The O(n) Club: Trapping Rain Water: Arrays, Puddles, and Other Unexpected Flood Zones

The O(n) Club: Trapping Rain Water—Arrays, Puddles, and Other Unexpected Flood Zones

⚡ TL;DR

Given a list of bar heights, your job is to calculate how much water these little fences can hold after a biblical downpour. The brute-force way checks every position’s left and right max—so slow, you’ll have mold before it finishes. There are smarter ways—dynamic programming with left/right arrays, or the two-pointer approach for the efficient (or lazy). Here’s a brute force Java taste:

// Brute force (bring coffee)
int trapped = 0;
for (int i = 1; i < height.length - 1; i++) {
    int leftMax = 0, rightMax = 0;
    for (int j = 0; j <= i; j++) leftMax = Math.max(leftMax, height[j]);
    for (int j = i; j < height.length; j++) rightMax = Math.max(rightMax, height[j]);
    trapped += Math.min(leftMax, rightMax) - height[i];
}

🧠 How Devs Usually Mess This Up

Classic blunder: people see the problem and go, “Easy! Water = highest-on-the-left or right minus current bar.” A beautiful recipe for negative water (antigravity puddles, anyone?). Or they try to juggle just a single max, missing the whole point of “which side is lower?” Even worse, some forget that if the min of left and right is lower than your bar you don’t get negative water—you get dust.

🔍 What’s Actually Going On

Imagine you line up bathtubs of varying heights; pour rain on everything. Each tub only holds as much water as the shorter wall on either end—the weak link. Wherever you are: Your waterline is the min of the highest wall to your left and right. Subtract your bar height, and that’s your puddle (or not). If you thought water just looks for the ground, congrats—you’ve reinvented a leaky sieve.

🛠️ PseudoCode

• Create two arrays: leftMax[] holds the tallest bar to your left (incl. you), rightMax[] does the same for the right.
• Fill them up:
  • Loop left to right to set leftMax[]
  • Loop right to left for rightMax[]
• For each bar (skip the first and last—unless you’re feeling generous):
  • Calculate Math.min(leftMax[i], rightMax[i]) - height[i]
  • If the answer’s negative, pretend it’s zero (unless you’re coding a Sahara simulator)
• Add ’em up.
• Or avoid arrays: Set left and right pointers, track leftMax/rightMax as you squeeze inward.

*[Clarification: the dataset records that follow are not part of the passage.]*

(* Let $A\in\mathbb{R}^{n\times n}$ be a lower Hessenberg invertible M-matrix. Define the Gauss--Seidel splitting $M_{GS}=\operatorname{tril}(A)$, $N_{GS}=M_{GS}-A$, $P_{GS}=M_{GS}^{-1}N_{GS}$; the anti-Gauss--Seidel splitting $M_{AGS}=\operatorname{triu}(A)$, $N_{AGS}=M_{AGS}-A$, $P_{AGS}=M_{AGS}^{-1}N_{AGS}$; and, for $S$ the stair matrix of first order or of second order generated by $A$, the staircase splitting $M_S=S$, $N_S=M_S-A$, $P_S=M_S^{-1}N_S$. Then \[ \rho(P_{GS}) \geq \rho(P_S) \geq \rho(P_{AGS}). \]
   Context: $A$ is lower Hessenberg if $A_{ij}=0$ whenever $j>i+1$. $\operatorname{tril}(A)$ (resp. $\operatorname{triu}(A)$) is the lower (resp. upper) triangular part of $A$ including the diagonal. Let $\operatorname{tridiag}(A)$ be the tridiagonal matrix keeping the subdiagonal, diagonal and superdiagonal entries of $A$ and zeroing the rest. The stair matrix of first order generated by $A$ is obtained from $\operatorname{tridiag}(A)$ by setting the entries $(i,i-1)$ and $(i,i+1)$ (when they exist) to zero for every odd $i$; the stair matrix of second order is obtained from $\operatorname{tridiag}(A)$ by setting the entries $(i,i-1)$ and $(i,i+1)$ (when they exist) to zero for every even $i$. $\rho(\cdot)$ denotes the spectral radius. *)

theory Defs
  imports "Jordan_Normal_Form.Spectral_Radius" "Jordan_Normal_Form.Gauss_Jordan_Elimination"
begin

definition rho :: "real mat \<Rightarrow> real" where
  "rho A = spectral_radius (map_mat complex_of_real A)"

definition lower_hessenberg :: "real mat \<Rightarrow> bool" where
  "lower_hessenberg A \<longleftrightarrow> (\<forall>i<dim_row A. \<forall>j<dim_col A. j > i + 1 \<longrightarrow> A $$ (i,j) = 0)"

definition nonsingular_M_matrix :: "real mat \<Rightarrow> bool" where
  "nonsingular_M_matrix A \<longleftrightarrow> (\<exists>n s B. A \<in> carrier_mat n n \<and> B \<in> carrier_mat n n \<and>
      (\<forall>i<n. \<forall>j<n. B $$ (i,j) \<ge> 0) \<and> A = s \<cdot>\<^sub>m 1\<^sub>m n - B \<and> rho B < s)"

definition tril :: "real mat \<Rightarrow> real mat" where
  "tril A = mat (dim_row A) (dim_col A) (\<lambda>(i,j). if j \<le> i then A $$ (i,j) else 0)"

definition triu :: "real mat \<Rightarrow> real mat" where
  "triu A = mat (dim_row A) (dim_col A) (\<lambda>(i,j). if i \<le> j then A $$ (i,j) else 0)"

(* 0-based indices; row i (0-based) is row Suc i in the paper's 1-based numbering *)
definition tridiag :: "real mat \<Rightarrow> real mat" where
  "tridiag A = mat (dim_row A) (dim_col A)
     (\<lambda>(i,j). if i = j \<or> j = i + 1 \<or> i = j + 1 then A $$ (i,j) else 0)"

definition stair1 :: "real mat \<Rightarrow> real mat" where
  "stair1 A = mat (dim_row A) (dim_col A)
     (\<lambda>(i,j). if i \<noteq> j \<and> odd (Suc i) then 0 else tridiag A $$ (i,j))"

definition stair2 :: "real mat \<Rightarrow> real mat" where
  "stair2 A = mat (dim_row A) (dim_col A)
     (\<lambda>(i,j). if i \<noteq> j \<and> even (Suc i) then 0 else tridiag A $$ (i,j))"

definition iter_mat :: "real mat \<Rightarrow> real mat \<Rightarrow> real mat" where
  "iter_mat M A = the (mat_inverse M) * (M - A)"

end

theory Submission
  imports Defs
begin

(* Let the nonsingular M-matrix be A = s I - B. For a pattern K containing the diagonal, keeping
   the K-entries of A gives a regular splitting A = M - N: the negative part u of any x with
   M x >= 0 would satisfy s u <= B u, so M is monotone, M^-1 >= 0, N >= 0, P = M^-1 N >= 0 and
   rho(P) < 1. Gauss-Seidel, anti-Gauss-Seidel and both staircase splittings are of this kind.
   Let lam = rho(P_Y) = |e| for an eigenvalue e with eigenvector v. Then y = |v| satisfies
   lam M_Y y <= N_Y y, i.e. sum_j lam^[K_Y i j] a_ij y_j <= 0 in every row i. Rescaling
   z_j = lam^(p j) y_j turns this into lam M_X z <= N_X z, hence lam z <= P_X z and
   lam <= rho(P_X) by the Collatz-Wielandt bound, as soon as
   [K_X i j] + p j <= [K_Y i j] + p i for all nonzero off-diagonal a_ij. For lower Hessenberg A
   only j <= i + 1 matters, and p i = i div 2 or (i + 1) div 2 does the job. *)

section \<open>Nonnegative matrices and the Collatz--Wielandt bound\<close>

definition nonneg_mat :: "'a :: {zero, ord} mat \<Rightarrow> bool" where
  "nonneg_mat P \<longleftrightarrow> (\<forall>i<dim_row P. \<forall>j<dim_col P. P $$ (i,j) \<ge> 0)"

lemma less_eq_vecI:
  "dim_vec u = n \<Longrightarrow> dim_vec w = n \<Longrightarrow> (\<And>i. i < n \<Longrightarrow> u $ i \<le> w $ i) \<Longrightarrow> u \<le> w"
  unfolding less_eq_vec_def by simp

lemma less_eq_vecD: "u \<le> w \<Longrightarrow> i < dim_vec w \<Longrightarrow> u $ i \<le> w $ i"
  unfolding less_eq_vec_def by simp

lemma index_mult_mat_vec_sum:
  assumes "M \<in> carrier_mat n m" "x \<in> carrier_vec m" "i < n"
  shows "(M *\<^sub>v x) $ i = (\<Sum>j<m. M $$ (i,j) * x $ j)"
  using assms by (auto simp: scalar_prod_def lessThan_atLeast0 intro!: sum.cong)

lemma nonneg_mat_mult_vec_mono:
  fixes P :: "'a :: ordered_semiring_0 mat"
  assumes P: "P \<in> carrier_mat n m" "nonneg_mat P" and le: "u \<le> w" and w: "w \<in> carrier_vec m"
  shows "P *\<^sub>v u \<le> P *\<^sub>v w"
proof -
  have u: "u \<in> carrier_vec m" using le w unfolding less_eq_vec_def carrier_vec_def by simp
  have "(P *\<^sub>v u) $ i \<le> (P *\<^sub>v w) $ i" if i: "i < n" for i
  proof -
    have "(\<Sum>j<m. P $$ (i,j) * u $ j) \<le> (\<Sum>j<m. P $$ (i,j) * w $ j)"
      using P le w i by (intro sum_mono mult_left_mono) (auto simp: nonneg_mat_def less_eq_vec_def)
    then show ?thesis
      by (simp only: index_mult_mat_vec_sum[OF P(1) u i] index_mult_mat_vec_sum[OF P(1) w i])
  qed
  then show ?thesis using P(1) unfolding less_eq_vec_def by simp
qed

lemma nonneg_mat_mult_vec_nonneg:
  fixes P :: "'a :: ordered_semiring_0 mat"
  assumes P: "P \<in> carrier_mat n m" "nonneg_mat P" and w: "w \<in> carrier_vec m" "0\<^sub>v m \<le> w"
  shows "0\<^sub>v n \<le> P *\<^sub>v w"
  using nonneg_mat_mult_vec_mono[OF P w(2) w(1)] P(1) by (simp add: less_eq_vec_def)

lemma nonneg_mat_mult:
  fixes P Q :: "'a :: ordered_semiring_0 mat"
  assumes "P \<in> carrier_mat n m" "Q \<in> carrier_mat m k" "nonneg_mat P" "nonneg_mat Q"
  shows "nonneg_mat (P * Q)"
  using assms unfolding nonneg_mat_def
  by (auto simp: scalar_prod_def intro!: sum_nonneg mult_nonneg_nonneg)

lemma nonneg_mat_pow:
  fixes P :: "'a :: ordered_semiring_1 mat"
  assumes P: "P \<in> carrier_mat n n" "nonneg_mat P"
  shows "nonneg_mat (P ^\<^sub>m k)"
proof (induction k)
  case 0
  show ?case by (simp add: nonneg_mat_def)
next
  case (Suc k)
  then show ?case using nonneg_mat_mult[of "P ^\<^sub>m k" n n P n] P by simp
qed

lemma smult_vec_left_mono:
  fixes a :: "'a :: ordered_semiring_0"
  assumes "0 \<le> a" "u \<le> w"
  shows "a \<cdot>\<^sub>v u \<le> a \<cdot>\<^sub>v w"
  using assms by (auto simp: less_eq_vec_def mult_left_mono)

// Fancy DP arrays, Java revision
leftMax[0] = height[0];
for (int i = 1; i < n; i++)
    leftMax[i] = Math.max(leftMax[i-1], height[i]);
 rightMax[n-1] = height[n-1];
for (int i = n-2; i >= 0; i--)
    rightMax[i] = Math.max(rightMax[i+1], height[i]);

💻 The Code

public int trap(int[] height) {
    int n = height.length;
    int left = 0, right = n - 1;
    int leftMax = 0, rightMax = 0, trapped = 0;
    while (left < right) {
        if (height[left] < height[right]) {
            leftMax = Math.max(leftMax, height[left]);
            trapped += leftMax - height[left];
            left++;
        } else {
            rightMax = Math.max(rightMax, height[right]);
            trapped += rightMax - height[right];
            right--;
        }
    }
    return trapped;
}

⚠️ Pitfalls, Traps & Runtime Smacks

• Edge cases: All bars same height? Flat? Empty input? There’s not going to be a drop of water, and absolutely no drama.
• Negative water: If your math says negative, set it to zero. Otherwise, you’re draining oceans on Mars.
• Complexity check: Two-pointer method? O(n) time, O(1) space. DP array? O(n) time, O(n) space (more RAM for those who like to flex).

🧠 Interviewer Brain-Tattoo

“If you solve Trapping Rain Water without getting lost in a flood of nested loops or wasted arrays, you might actually enjoy writing production code.”